Task requirements: Among the lines below, copy exactly those from the one with "(\<forall>i. is_trigger \<Sigma>" through the one with "I \<longleftrightarrow> finite", counting both ends.

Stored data
text \<open>Since \<open>s\<close> vanishes at \<open>0\<close> and \<open>2\<pi>\<close>, for \<open>h > 0\<close> the set \<open>V\<^sub>0(h)\<close> avoids the boundary
  of the closed cell; inside the open cell it is a superlevel set of \<open>log_prod_s\<close>.\<close>

lemma VV0_subset_open_cell:
  assumes "0 < h"
  shows "(VV0 h :: (real ^ 'n::finite) set) \<subseteq> open_cell"
proof
  fix x :: "real^'n" assume x: "x \<in> VV0 h"
  have "h \<le> \<bar>\<Prod>j\<in>UNIV. s_fun (x $ j)\<bar>" and box: "0 \<le> x $ j" "x $ j \<le> 2*pi" for j
    using x by (auto simp: VV0_def VV_def)
  then have "0 < \<bar>\<Prod>j\<in>UNIV. s_fun (x $ j)\<bar>" using assms by linarith
  then have nonzero: "s_fun (x $ j) \<noteq> 0" for j by auto
  have "x $ j \<noteq> 0" "x $ j \<noteq> 2*pi" for j using nonzero[of j] s_fun_endpoints by auto
  with box have "0 < x $ j" "x $ j < 2*pi" for j
    by (simp_all add: order.not_eq_order_implies_strict)
  then show "x \<in> open_cell" by (simp add: open_cell_def)
qed

lemma VV0_eq_VV_Int_open_cell:
  assumes "0 < h"
  shows "(VV0 h :: (real ^ 'n::finite) set) = VV h \<inter> open_cell"
proof
  show "VV0 h \<subseteq> VV h \<inter> open_cell"
    using VV0_subset_open_cell[OF assms] by (auto simp: VV0_def)
  show "VV h \<inter> open_cell \<subseteq> VV0 h"
    by (auto simp: VV0_def open_cell_def intro: order.strict_implies_order)
qed

lemma VV0_eq_superlevel:
  assumes "0 < h"
  shows "(VV0 h :: (real ^ 'n::finite) set) = {x\<in>open_cell. ln h \<le> log_prod_s x}"
proof -
  have "x \<in> VV0 h \<longleftrightarrow> x \<in> open_cell \<and> ln h \<le> log_prod_s x" for x :: "real^'n"
  proof (cases "x \<in> open_cell")
    case True
    have "h \<le> exp (log_prod_s x) \<longleftrightarrow> ln h \<le> log_prod_s x"
      by (rule exp_le_cancel_iff[of "ln h" "log_prod_s x", unfolded exp_ln[OF assms]])
    then show ?thesis
      using True by (simp add: VV0_eq_VV_Int_open_cell[OF assms] VV_def abs_prod_s_fun_eq_exp)
  qed (simp add: VV0_eq_VV_Int_open_cell[OF assms])
  then show ?thesis by blast
qed

lemma strictly_convex_VV0:
  assumes "0 < h"
  shows "strictly_convex (VV0 h)"
  unfolding VV0_eq_superlevel[OF assms]
  by (intro strictly_convex_superlevel continuous_log_prod_s strictly_concave_log_prod_s)
     (simp_all add: open_cell_eq_box open_box)

text \<open>The centre \<open>(\<pi>, \<dots>, \<pi>)\<close> of the cell, where the product equals \<open>2\<^sup>m\<close>, is interior.\<close>

lemma centre_in_interior_VV0:
  assumes "0 < h" "h < 2 ^ CARD('n::finite)"
  shows "(\<chi> j. pi) \<in> interior (VV0 h :: (real ^ 'n) set)"
proof -
  let ?U = "{x\<in>open_cell. ln h < log_prod_s x} :: (real^'n) set"
  have "open ?U"
    by (intro open_strict_superlevel continuous_log_prod_s) (simp add: open_cell_eq_box open_box)
  moreover have "?U \<subseteq> VV0 h" using assms(1) by (auto simp: VV0_eq_superlevel)
  moreover have "(\<chi> j. pi) \<in> ?U"
  proof -
    have "(\<chi> j. pi) \<in> (open_cell :: (real^'n) set)" by (simp add: open_cell_def)
    moreover have "log_prod_s (\<chi> j. pi :: real^'n) = ln (2 ^ CARD('n))"
      by (simp add: log_prod_s_def s_fun_def ln_realpow)
    ultimately show ?thesis using assms by simp
  qed
  ultimately show ?thesis by (meson interior_maximal subsetD)
qed

lemma compact_VV0: "compact (VV0 h :: (real ^ 'n::finite) set)"
proof -
  have "VV0 h = cbox 0 (\<chi> j. 2*pi) \<inter> (VV h :: (real^'n) set)"
    unfolding VV0_def by (auto simp: mem_box_cart)
  moreover have "closed (VV h :: (real^'n) set)"
    unfolding VV_def by (intro closed_Collect_le continuous_intros)
  ultimately show ?thesis by (simp add: compact_Int_closed)
qed

definition lattice_vec :: "int ^ 'n::finite \<Rightarrow> real ^ 'n" where
  "lattice_vec k = (\<chi> j. 2 * pi * of_int (k $ j))"

lemma VVk_eq: "VVk h k = (\<lambda>x. x + lattice_vec k) ` VV0 h"
  by (simp add: VVk_def lattice_vec_def)

lemma VV_translate: "x + lattice_vec k \<in> VV h \<longleftrightarrow> x \<in> VV h"
  by (simp add: VV_def lattice_vec_def abs_prod abs_s_fun_periodic)

lemma lattice_translates_disjoint:
  assumes "A \<subseteq> open_cell" "k \<noteq> k'"
  shows "(\<lambda>x. x + lattice_vec k) ` A \<inter> (\<lambda>x. x + lattice_vec k') ` A = {}"
proof (rule ccontr)
  assume "(\<lambda>x. x + lattice_vec k) ` A \<inter> (\<lambda>x. x + lattice_vec k') ` A \<noteq> {}"
  then obtain x y where "x \<in> open_cell" "y \<in> open_cell"
    and eq: "x + lattice_vec k = y + lattice_vec k'" using assms(1) by blast
  have "k $ j = k' $ j" for j
  proof -
    have "y $ j - x $ j = 2 * pi * of_int (k $ j - k' $ j)"
      using arg_cong[OF eq, of "\<lambda>v. v $ j"] by (simp add: lattice_vec_def algebra_simps)
    then have dist: "\<bar>y $ j - x $ j\<bar> = 2 * pi * of_int \<bar>k $ j - k' $ j\<bar>"
      by (simp add: abs_mult)
    have "0 < x $ j" "x $ j < 2 * pi" "0 < y $ j" "y $ j < 2 * pi"
      using \<open>x \<in> open_cell\<close> \<open>y \<in> open_cell\<close> by (auto simp: open_cell_def)
    then have "2 * pi * of_int \<bar>k $ j - k' $ j\<bar> < 2 * pi * 1" unfolding dist[symmetric] by linarith
    then have "\<bar>k $ j - k' $ j\<bar> < 1" using mult_less_cancel_left_pos[of "2 * pi"] by simp
    then show ?thesis by linarith
  qed
  then show False using assms(2) by (simp add: vec_eq_iff)
qed
(* The classes $\mathsf{WA}$ and $\mathsf{CT}^{\mathsf{obl}}_{\forall\forall}$ are incomparable with respect to inclusion.
   Context: A tgd is $\alpha(\bar x,\bar y)\rightarrow\exists\bar z\,\beta(\bar x,\bar z)$ with $\bar x$ the variables in both body and head. A position is $(R,i)$ with $1\le i\le\mathrm{arity}(R)$. The dependency graph of a finite tgd set $\Sigma$ has positions as vertices and an edge $(R,i)\to(S,j)$ whenever some tgd of $\Sigma$ has a variable $x\in\bar x$ at $(R,i)$ in its body and either $x$ occurs at $(S,j)$ in its head (universal edge) or an existential variable occurs at $(S,j)$ in its head (existential edge). $\mathsf{WA}$ (weakly acyclic) is the class of $\Sigma$ whose dependency graph has no cycle through an existential edge. Oblivious chase: from an instance (finite set of atoms over constants and nulls), repeatedly fire triggers $(\xi,h)$ with $h(\alpha)\subseteq$ current instance (active or not), each trigger at most once, adding $h'(\beta)$ with fresh nulls for existential variables; infinite sequences are fair. $\mathsf{CT}^{\mathsf{obl}}_{\forall\forall}$ is the class of finite tgd sets for which every oblivious chase sequence from every instance is finite. *)

theory Defs
  imports Main
begin

type_synonym vatom = "nat \<times> nat list"   (* R(x1,...,xn): relation name, variables *)

datatype tgd = TGD (body: "vatom list") (head: "vatom list")

definition atom_vars :: "vatom list \<Rightarrow> nat set" where
  "atom_vars as = (\<Union>(R, xs) \<in> set as. set xs)"

definition frontier :: "tgd \<Rightarrow> nat set" where
  "frontier \<xi> = atom_vars (body \<xi>) \<inter> atom_vars (head \<xi>)"

definition exvars :: "tgd \<Rightarrow> nat set" where
  "exvars \<xi> = atom_vars (head \<xi>) - atom_vars (body \<xi>)"

definition tgd_set :: "tgd set \<Rightarrow> bool" where
  "tgd_set \<Sigma> \<longleftrightarrow> finite \<Sigma> \<and>
     (\<forall>\<xi>\<in>\<Sigma>. body \<xi> \<noteq> [] \<and> head \<xi> \<noteq> []) \<and>
     (\<forall>\<xi>\<in>\<Sigma>. \<forall>\<xi>'\<in>\<Sigma>. \<forall>R xs ys.
        (R, xs) \<in> set (body \<xi> @ head \<xi>) \<longrightarrow> (R, ys) \<in> set (body \<xi>' @ head \<xi>') \<longrightarrow>
        length xs = length ys)"

type_synonym position = "nat \<times> nat"   (* (R, i), 1 \<le> i \<le> arity R *)

definition occurs_at :: "nat \<Rightarrow> position \<Rightarrow> vatom list \<Rightarrow> bool" where
  "occurs_at x p as \<longleftrightarrow> (\<exists>xs. (fst p, xs) \<in> set as \<and> 1 \<le> snd p \<and> snd p \<le> length xs
                              \<and> xs ! (snd p - 1) = x)"

definition universal_edges :: "tgd set \<Rightarrow> (position \<times> position) set" where
  "universal_edges \<Sigma> = {(p, q). \<exists>\<xi>\<in>\<Sigma>. \<exists>x\<in>frontier \<xi>.
       occurs_at x p (body \<xi>) \<and> occurs_at x q (head \<xi>)}"

definition existential_edges :: "tgd set \<Rightarrow> (position \<times> position) set" where
  "existential_edges \<Sigma> = {(p, q). \<exists>\<xi>\<in>\<Sigma>. \<exists>x\<in>frontier \<xi>. \<exists>z\<in>exvars \<xi>.
       occurs_at x p (body \<xi>) \<and> occurs_at z q (head \<xi>)}"

definition dep_graph :: "tgd set \<Rightarrow> (position \<times> position) set" where
  "dep_graph \<Sigma> = universal_edges \<Sigma> \<union> existential_edges \<Sigma>"

definition weakly_acyclic :: "tgd set \<Rightarrow> bool" where
  "weakly_acyclic \<Sigma> \<longleftrightarrow>
     \<not> (\<exists>p q. (p, q) \<in> existential_edges \<Sigma> \<and> (q, p) \<in> (dep_graph \<Sigma>)\<^sup>*)"

definition WA :: "tgd set set" where
  "WA = {\<Sigma>. tgd_set \<Sigma> \<and> weakly_acyclic \<Sigma>}"

datatype trm = Cst nat | Nul nat

type_synonym atom = "nat \<times> trm list"
type_synonym inst = "atom set"

definition terms_of :: "inst \<Rightarrow> trm set" where
  "terms_of I = (\<Union>(R, ts) \<in> I. set ts)"

text \<open>A trigger is a tgd together with a homomorphism on its body variables
  (a partial map whose domain is exactly the set of body variables).\<close>
type_synonym trigger = "tgd \<times> (nat \<rightharpoonup> trm)"

definition is_trigger :: "tgd set \<Rightarrow> inst \<Rightarrow> trigger \<Rightarrow> bool" where
  "is_trigger \<Sigma> I \<tau> \<longleftrightarrow> (case \<tau> of (\<xi>, h) \<Rightarrow>
     \<xi> \<in> \<Sigma> \<and> dom h = atom_vars (body \<xi>) \<and>
     (\<forall>(R, xs) \<in> set (body \<xi>). (R, map (\<lambda>x. the (h x)) xs) \<in> I))"

definition fires :: "inst \<Rightarrow> trigger \<Rightarrow> inst \<Rightarrow> bool" where
  "fires I \<tau> J \<longleftrightarrow> (case \<tau> of (\<xi>, h) \<Rightarrow>
     (\<exists>g :: nat \<Rightarrow> trm.
        (\<forall>x \<in> atom_vars (body \<xi>). h x = Some (g x)) \<and>
        inj_on g (exvars \<xi>) \<and>
        (\<forall>z \<in> exvars \<xi>. (\<exists>n. g z = Nul n) \<and> g z \<notin> terms_of I) \<and>
        J = I \<union> (\<lambda>(R, xs). (R, map g xs)) ` set (head \<xi>)))"

definition infinite_obl_chase :: "tgd set \<Rightarrow> inst \<Rightarrow> (nat \<Rightarrow> inst) \<Rightarrow> (nat \<Rightarrow> trigger) \<Rightarrow> bool" where
  "infinite_obl_chase \<Sigma> I0 I t \<longleftrightarrow>
     I 0 = I0 \<and>
     (\<forall>i. is_trigger \<Sigma> (I i) (t i) \<and> (\<forall>j<i. t j \<noteq> t i) \<and> fires (I i) (t i) (I (Suc i))) \<and>
     (\<forall>i \<tau>. is_trigger \<Sigma> (I i) \<tau> \<longrightarrow> (\<exists>j. t j = \<tau>))"

definition is_instance :: "inst \<Rightarrow> bool" where
  "is_instance I \<longleftrightarrow> finite I"

definition CT_obl_AA :: "tgd set set" where
  "CT_obl_AA = {\<Sigma>. tgd_set \<Sigma> \<and>
     (\<forall>I0. is_instance I0 \<longrightarrow> \<not> (\<exists>I t. infinite_obl_chase \<Sigma> I0 I t))}"

end

theory Submission
  imports Defs
begin

text \<open>The tgd \<open>R(x, y) \<rightarrow> \<exists>z. R(x, z)\<close> is weakly acyclic, since the only existential
  edge ends in position \<open>(R, 2)\<close>, which has no outgoing edge; yet the oblivious chase
  fires it on every fresh null it creates and so runs forever from \<open>R(a, b)\<close>. Conversely,
  \<open>R(x), S(x) \<rightarrow> \<exists>z. R(z), T(x)\<close> has an existential self-loop on \<open>(R, 1)\<close>, but \<open>S\<close> never
  occurs in a head, so every trigger is determined by one of the finitely many \<open>S\<close>-atoms of
  the initial instance.\<close>

lemma map_eqI_the:
  assumes "dom h = dom h'" and "\<And>x. x \<in> dom h \<Longrightarrow> the (h x) = the (h' x)"
  shows "h = h'"
  using assms by (intro ext option.expand) (auto simp: domIff)

lemma weakly_acyclicI:
  assumes "\<And>p q p'. (p, q) \<in> existential_edges \<Sigma> \<Longrightarrow> (q, p') \<notin> dep_graph \<Sigma>"
  shows "weakly_acyclic \<Sigma>"
  unfolding weakly_acyclic_def
proof clarify
  fix p q assume pq: "(p, q) \<in> existential_edges \<Sigma>" and qp: "(q, p) \<in> (dep_graph \<Sigma>)\<^sup>*"
  have "(p, q) \<in> dep_graph \<Sigma>"
    using pq by (simp add: dep_graph_def)
  with assms[OF pq] have "q \<noteq> p" by blast
  with qp obtain p' where "(q, p') \<in> dep_graph \<Sigma>"
    by (auto elim: converse_rtranclE)
  with assms[OF pq] show False by blast
qed

lemma infinite_obl_chase_inj:
  assumes "infinite_obl_chase \<Sigma> I0 I t"
  shows "inj t"
proof (rule injI)
  fix i j assume "t i = t j"
  with assms show "i = j"
    unfolding infinite_obl_chase_def by (metis linorder_neqE_nat)
qed

lemma infinite_obl_chase_edb_atom:
  assumes chase: "infinite_obl_chase \<Sigma> I0 I t"
    and not_in_heads: "\<And>\<xi> xs. \<xi> \<in> \<Sigma> \<Longrightarrow> (R, xs) \<notin> set (head \<xi>)"
    and "(R, ts) \<in> I i"
  shows "(R, ts) \<in> I0"
  using \<open>(R, ts) \<in> I i\<close>
proof (induction i)
  case 0
  with chase show ?case by (simp add: infinite_obl_chase_def)
next
  case (Suc i)
  obtain \<xi> h where t: "t i = (\<xi>, h)" by fastforce
  from chase have "is_trigger \<Sigma> (I i) (t i)" and "fires (I i) (t i) (I (Suc i))"
    by (simp_all add: infinite_obl_chase_def)
  then have "\<xi> \<in> \<Sigma>" and "fires (I i) (\<xi>, h) (I (Suc i))"
    by (simp_all add: t is_trigger_def)
  with not_in_heads have "I (Suc i) \<subseteq> I i \<union> {a. fst a \<noteq> R}"
    by (force simp: fires_def)
  with Suc show ?case by auto
qed

definition xi_chain :: tgd where
  "xi_chain = TGD [(0, [0, 1])] [(0, [0, 2])]"

lemma atom_vars_xi_chain:
  "atom_vars (body xi_chain) = {0, 1}" "atom_vars (head xi_chain) = {0, 2}"
  by (auto simp: atom_vars_def xi_chain_def)

lemma frontier_exvars_xi_chain: "frontier xi_chain = {0}" "exvars xi_chain = {2}"
  by (auto simp: frontier_def exvars_def atom_vars_xi_chain)

lemma occurs_at_body_xi_chain:
  "occurs_at 0 p (body xi_chain) \<longleftrightarrow> p = (0, 1)"
  by (cases p) (auto simp: occurs_at_def xi_chain_def nth_Cons split: nat.splits)

lemma occurs_at_head_xi_chain:
  "occurs_at 2 p (head xi_chain) \<longleftrightarrow> p = (0, 2)"
  by (cases p) (auto simp: occurs_at_def xi_chain_def nth_Cons split: nat.splits)

lemma xi_chain_WA: "{xi_chain} \<in> WA"
proof -
  have "tgd_set {xi_chain}" by (auto simp: tgd_set_def xi_chain_def)
  moreover have "weakly_acyclic {xi_chain}"
    by (rule weakly_acyclicI)
      (auto simp: dep_graph_def universal_edges_def existential_edges_def
        frontier_exvars_xi_chain occurs_at_body_xi_chain occurs_at_head_xi_chain)
  ultimately show ?thesis by (simp add: WA_def)
qed

text \<open>The chase from \<open>R(c\<^sub>0, c\<^sub>1)\<close>: stage \<open>i\<close> holds \<open>R(c\<^sub>0, y\<^sub>j)\<close> for \<open>j \<le> i\<close>, where
  \<open>y\<^sub>0 = c\<^sub>1\<close> and \<open>y\<^sub>j\<^sub>+\<^sub>1\<close> is the null created by the \<open>j\<close>-th trigger, which maps \<open>y\<close> to \<open>y\<^sub>j\<close>.\<close>

fun chain_term :: "nat \<Rightarrow> trm" where
  "chain_term 0 = Cst 1"
| "chain_term (Suc i) = Nul i"

definition chain_inst :: "nat \<Rightarrow> inst" where
  "chain_inst i = (\<lambda>j. (0, [Cst 0, chain_term j])) ` {..i}"

definition chain_hom :: "nat \<Rightarrow> nat \<rightharpoonup> trm" where
  "chain_hom i = [0 \<mapsto> Cst 0, 1 \<mapsto> chain_term i]"

lemma inj_chain_term: "inj chain_term"
proof (rule injI)
  fix i j show "chain_term i = chain_term j \<Longrightarrow> i = j"
    by (cases i; cases j) auto
qed

lemma fresh_null_chain_inst: "Nul i \<notin> terms_of (chain_inst i)"
proof
  assume "Nul i \<in> terms_of (chain_inst i)"
  then obtain j where "j \<le> i" "chain_term j = Nul i"
    by (auto simp: terms_of_def chain_inst_def)
  then show False by (cases j) auto
qed

lemma is_trigger_xi_chain_iff:
  "is_trigger {xi_chain} (chain_inst i) \<tau> \<longleftrightarrow> (\<exists>j\<le>i. \<tau> = (xi_chain, chain_hom j))"
proof
  assume trig: "is_trigger {xi_chain} (chain_inst i) \<tau>"
  obtain \<xi> h where \<tau>: "\<tau> = (\<xi>, h)" by fastforce
  from trig have \<xi>: "\<xi> = xi_chain" and dom: "dom h = {0, 1}"
    and "(0, [the (h 0), the (h 1)]) \<in> chain_inst i"
    by (auto simp: \<tau> is_trigger_def atom_vars_def xi_chain_def)
  then obtain j where "j \<le> i" "the (h 0) = Cst 0" "the (h 1) = chain_term j"
    by (auto simp: chain_inst_def)
  with dom have "h = chain_hom j"
    by (intro map_eqI_the) (auto simp: chain_hom_def)
  with \<open>j \<le> i\<close> show "\<exists>j\<le>i. \<tau> = (xi_chain, chain_hom j)" by (auto simp: \<tau> \<xi>)
next
  assume "\<exists>j\<le>i. \<tau> = (xi_chain, chain_hom j)"
  then show "is_trigger {xi_chain} (chain_inst i) \<tau>"
    by (auto simp: is_trigger_def atom_vars_def chain_hom_def chain_inst_def xi_chain_def split: if_splits)
qed

lemma fires_xi_chain:
  "fires (chain_inst i) (xi_chain, chain_hom i) (chain_inst (Suc i))"
  unfolding fires_def prod.case
proof (intro exI conjI)
  let ?g = "\<lambda>v :: nat. if v = 0 then Cst 0 else if v = 1 then chain_term i else Nul i"
  show "\<forall>x\<in>atom_vars (body xi_chain). chain_hom i x = Some (?g x)"
    by (simp add: atom_vars_xi_chain chain_hom_def)
  show "inj_on ?g (exvars xi_chain)"
    by (simp add: frontier_exvars_xi_chain)
  show "\<forall>z\<in>exvars xi_chain. (\<exists>n. ?g z = Nul n) \<and> ?g z \<notin> terms_of (chain_inst i)"
    using fresh_null_chain_inst by (simp add: frontier_exvars_xi_chain)
  show "chain_inst (Suc i) = chain_inst i \<union> (\<lambda>(R, xs). (R, map ?g xs)) ` set (head xi_chain)"
    by (auto simp: chain_inst_def xi_chain_def atMost_Suc)
qed

lemma infinite_obl_chase_xi_chain:
  "infinite_obl_chase {xi_chain} (chain_inst 0) chain_inst (\<lambda>i. (xi_chain, chain_hom i))"
proof -
  have "inj chain_hom"
    by (rule injI) (metis chain_hom_def fun_upd_same inj_chain_term injD option.inject)
  then show ?thesis
    unfolding infinite_obl_chase_def is_trigger_xi_chain_iff
    by (auto simp: fires_xi_chain dest: injD)
qed

lemma xi_chain_not_CT_obl_AA: "{xi_chain} \<notin> CT_obl_AA"
  using infinite_obl_chase_xi_chain
  by (auto simp: CT_obl_AA_def is_instance_def chain_inst_def)

definition xi_guarded :: tgd where
  "xi_guarded = TGD [(0, [0]), (1, [0])] [(0, [1]), (2, [0])]"

lemma atom_vars_xi_guarded:
  "atom_vars (body xi_guarded) = {0}" "atom_vars (head xi_guarded) = {0, 1}"
  by (auto simp: atom_vars_def xi_guarded_def)

lemma xi_guarded_not_WA: "{xi_guarded} \<notin> WA"
proof -
  have "0 \<in> frontier xi_guarded" "1 \<in> exvars xi_guarded"
    by (auto simp: frontier_def exvars_def atom_vars_xi_guarded)
  moreover have "occurs_at 0 (0, 1) (body xi_guarded)" "occurs_at 1 (0, 1) (head xi_guarded)"
    by (auto simp: occurs_at_def xi_guarded_def)
  ultimately have "((0, 1), (0, 1)) \<in> existential_edges {xi_guarded}"
    unfolding existential_edges_def by blast
  then show ?thesis by (auto simp: WA_def weakly_acyclic_def)
qed

lemma xi_guarded_trigger_from_initial:
  assumes chase: "infinite_obl_chase {xi_guarded} I0 I t"
  shows "t i \<in> (\<lambda>c. (xi_guarded, [0 \<mapsto> c])) ` {c. (1, [c]) \<in> I0}"
proof -
  obtain \<xi> h where t: "t i = (\<xi>, h)" by fastforce
  from chase have "is_trigger {xi_guarded} (I i) (\<xi>, h)"
    by (simp add: infinite_obl_chase_def t[symmetric])
  then have \<xi>: "\<xi> = xi_guarded" and dom: "dom h = {0}" and S: "(1, [the (h 0)]) \<in> I i"
    by (auto simp: is_trigger_def atom_vars_def xi_guarded_def)
  have "(1, [the (h 0)]) \<in> I0"
    by (rule infinite_obl_chase_edb_atom[OF chase _ S])
      (simp add: xi_guarded_def)
  moreover from dom have "h = [0 \<mapsto> the (h 0)]"
    by (intro map_eqI_the) auto
  ultimately show ?thesis by (auto simp: t \<xi>)
qed

lemma xi_guarded_CT_obl_AA: "{xi_guarded} \<in> CT_obl_AA"
proof -
  have "\<not> infinite_obl_chase {xi_guarded} I0 I t" if "finite I0" for I0 I t
  proof
    assume chase: "infinite_obl_chase {xi_guarded} I0 I t"
    have "finite {c. (1::nat, [c]) \<in> I0}"
      using finite_vimageI[OF \<open>finite I0\<close>, of "\<lambda>c. (1, [c])"] by (simp add: inj_def vimage_def)
    then have "finite (range t)"
      using xi_guarded_trigger_from_initial[OF chase] by (blast intro: finite_subset)
    with infinite_obl_chase_inj[OF chase] show False
      by (simp add: finite_image_iff)
  qed
  moreover have "tgd_set {xi_guarded}" by (auto simp: tgd_set_def xi_guarded_def)
  ultimately show ?thesis by (auto simp: CT_obl_AA_def is_instance_def)
qed

theorem proposition6:
  shows "\<not> (WA \<subseteq> CT_obl_AA) \<and> \<not> (CT_obl_AA \<subseteq> WA)"
  using xi_chain_WA xi_chain_not_CT_obl_AA xi_guarded_CT_obl_AA xi_guarded_not_WA
  by blast

end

Solved exercise:
     (\<forall>i. is_trigger \<Sigma> (I i) (t i) \<and> (\<forall>j<i. t j \<noteq> t i) \<and> fires (I i) (t i) (I (Suc i))) \<and>
     (\<forall>i \<tau>. is_trigger \<Sigma> (I i) \<tau> \<longrightarrow> (\<exists>j. t j = \<tau>))"

definition is_instance :: "inst \<Rightarrow> bool" where
  "is_instance I \<longleftrightarrow> finite I"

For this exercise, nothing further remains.